(* In the model and protocol $\mathrm{OciorABA}^*$ described in the context, with $n\ge 3t+1$, if all honest nodes input the same message $w$, then every honest node eventually outputs $w$.
   Context: Model: there are $n$ nodes $\mathrm{Node}_1,\dots,\mathrm{Node}_n$ in an asynchronous network (every message sent between honest nodes is eventually delivered, with arbitrary adversarial delay). An adaptive adversary may corrupt (make dishonest/Byzantine) at most $t$ nodes in total; $\mathcal F\subseteq[1:n]$ denotes the set of dishonest nodes; $n\ge 3t+1$. Primitives used as black boxes: (RBC) For each $j\in[1:n]$ there is a reliable broadcast instance $\mathrm{RBC}_j$ with leader $\mathrm{Node}_j$, satisfying: Consistency (if two honest nodes output $w',w''$ then $w'=w''$); Validity (if the leader is honest and inputs $w$, every honest node eventually outputs $w$); Totality (if one honest node outputs a value, every honest node eventually outputs a value). (ABBA) For each $j\in[1:n]$ there is a binary Byzantine agreement instance $\mathrm{ABBA}_j$ (inputs and outputs in $\{0,1\}$), satisfying: Termination (if all honest nodes provide inputs, every honest node eventually outputs a value and terminates); Consistency (if an honest node outputs $b$, every honest node eventually outputs $b$); Validity (if all honest nodes input the same $b$, every honest node eventually outputs $b$). (Erasure code) An $(n,t+1)$ erasure code over an alphabet $\Sigma$: an encoder $\mathrm{Enc}$ mapping a message $w$ to $(\mathrm{Enc}_1(w),\dots,\mathrm{Enc}_n(w))\in\Sigma^n$ and a decoder $\mathrm{Dec}$ such that for every set $K\subseteq[1:n]$ with $|K|=t+1$, $\mathrm{Dec}(\{\mathrm{Enc}_j(w)\}_{j\in K})=w$. Protocol $\mathrm{OciorABA}^*$, code for an honest $\mathrm{Node}_i$ with input message $w_i$: (1) Compute $(y^{(i)}_1,\dots,y^{(i)}_n)=\mathrm{Enc}(w_i)$ and input $y^{(i)}_i$ into $\mathrm{RBC}_i$ (as leader). (2) Upon delivery of a value $y^{(j)}_j$ from $\mathrm{RBC}_j$ (after step (1) has been executed), if $\mathrm{Node}_i$ has not yet given an input to $\mathrm{ABBA}_j$: set $a_i[j]=1$ if $y^{(j)}_j=y^{(i)}_j$ and $a_i[j]=0$ otherwise, and input $a_i[j]$ into $\mathrm{ABBA}_j$. (3) Upon obtaining outputs from $n-t$ of the instances $\mathrm{ABBA}_1,\dots,\mathrm{ABBA}_n$, input $0$ into every $\mathrm{ABBA}_j$ to which $\mathrm{Node}_i$ has not yet given an input. (4) Upon obtaining outputs from all $n$ ABBA instances: let $S=\{j:\mathrm{ABBA}_j\text{ output }1\}$. If $|S|<t+1$, output a default value $\bot$ and terminate. Otherwise let $K$ be the set of the $t+1$ smallest elements of $S$, wait for delivery of $y^{(j)}_j$ from $\mathrm{RBC}_j$ for all $j\in K$, output $\mathrm{Dec}(\{y^{(j)}_j\}_{j\in K})$ and terminate. *)

theory Defs
  imports Main
begin

text \<open>The adversary corrupts a set F of at most t nodes
(the set of nodes that are ever corrupted); the honest nodes are {1..n} - F.
Time is discrete (nat); an asynchronous execution is described by the
time-stamped events observed at honest nodes:
  rbc_out i j = Some (tau, v) : honest node i delivers value v from RBC_j at time tau
  abba_in i j = Some (tau, b) : honest node i inputs b into ABBA_j at time tau
  abba_out i j = Some (tau, b) : honest node i obtains output b from ABBA_j at time tau
(None means: never happens).\<close>

type_synonym 's rbc_trace = "nat \<Rightarrow> nat \<Rightarrow> (nat \<times> 's) option"
type_synonym abba_trace = "nat \<Rightarrow> nat \<Rightarrow> (nat \<times> bool) option"

definition honest :: "nat \<Rightarrow> nat set \<Rightarrow> nat set" where
  "honest n F = {1..n} - F"

text \<open>(n, t+1) erasure code: Dec K y only reads the symbols y j, j in K.\<close>
definition erasure_code ::
  "nat \<Rightarrow> nat \<Rightarrow> ('m \<Rightarrow> nat \<Rightarrow> 's) \<Rightarrow> (nat set \<Rightarrow> (nat \<Rightarrow> 's) \<Rightarrow> 'm) \<Rightarrow> bool" where
  "erasure_code n t Enc Dec \<longleftrightarrow>
     (\<forall>K w y. K \<subseteq> {1..n} \<and> card K = t + 1 \<and> (\<forall>j\<in>K. y j = Enc w j) \<longrightarrow> Dec K y = w)"

text \<open>Reliable broadcast instances RBC_j; by step (1) of the protocol an honest leader j
inputs Enc_j(w_j).\<close>
definition rbc_props ::
  "nat \<Rightarrow> nat set \<Rightarrow> (nat \<Rightarrow> 's) \<Rightarrow> 's rbc_trace \<Rightarrow> bool" where
  "rbc_props n F leader_input rbc_out \<longleftrightarrow>
     (\<forall>j\<in>{1..n}.
        (\<forall>i\<in>honest n F. \<forall>i'\<in>honest n F. \<forall>\<tau> \<tau>' v v'.
            rbc_out i j = Some (\<tau>, v) \<and> rbc_out i' j = Some (\<tau>', v') \<longrightarrow> v = v')
      \<and> (j \<in> honest n F \<longrightarrow> (\<forall>i\<in>honest n F. \<exists>\<tau>. rbc_out i j = Some (\<tau>, leader_input j)))
      \<and> ((\<exists>i\<in>honest n F. rbc_out i j \<noteq> None) \<longrightarrow> (\<forall>i\<in>honest n F. rbc_out i j \<noteq> None)))"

The problem
Take from the material every line that holds "forall".

Task result
     (\<forall>K w y. K \<subseteq> {1..n} \<and> card K = t + 1 \<and> (\<forall>j\<in>K. y j = Enc w j) \<longrightarrow> Dec K y = w)"
     (\<forall>j\<in>{1..n}.
        (\<forall>i\<in>honest n F. \<forall>i'\<in>honest n F. \<forall>\<tau> \<tau>' v v'.
      \<and> (j \<in> honest n F \<longrightarrow> (\<forall>i\<in>honest n F. \<exists>\<tau>. rbc_out i j = Some (\<tau>, leader_input j)))
      \<and> ((\<exists>i\<in>honest n F. rbc_out i j \<noteq> None) \<longrightarrow> (\<forall>i\<in>honest n F. rbc_out i j \<noteq> None)))"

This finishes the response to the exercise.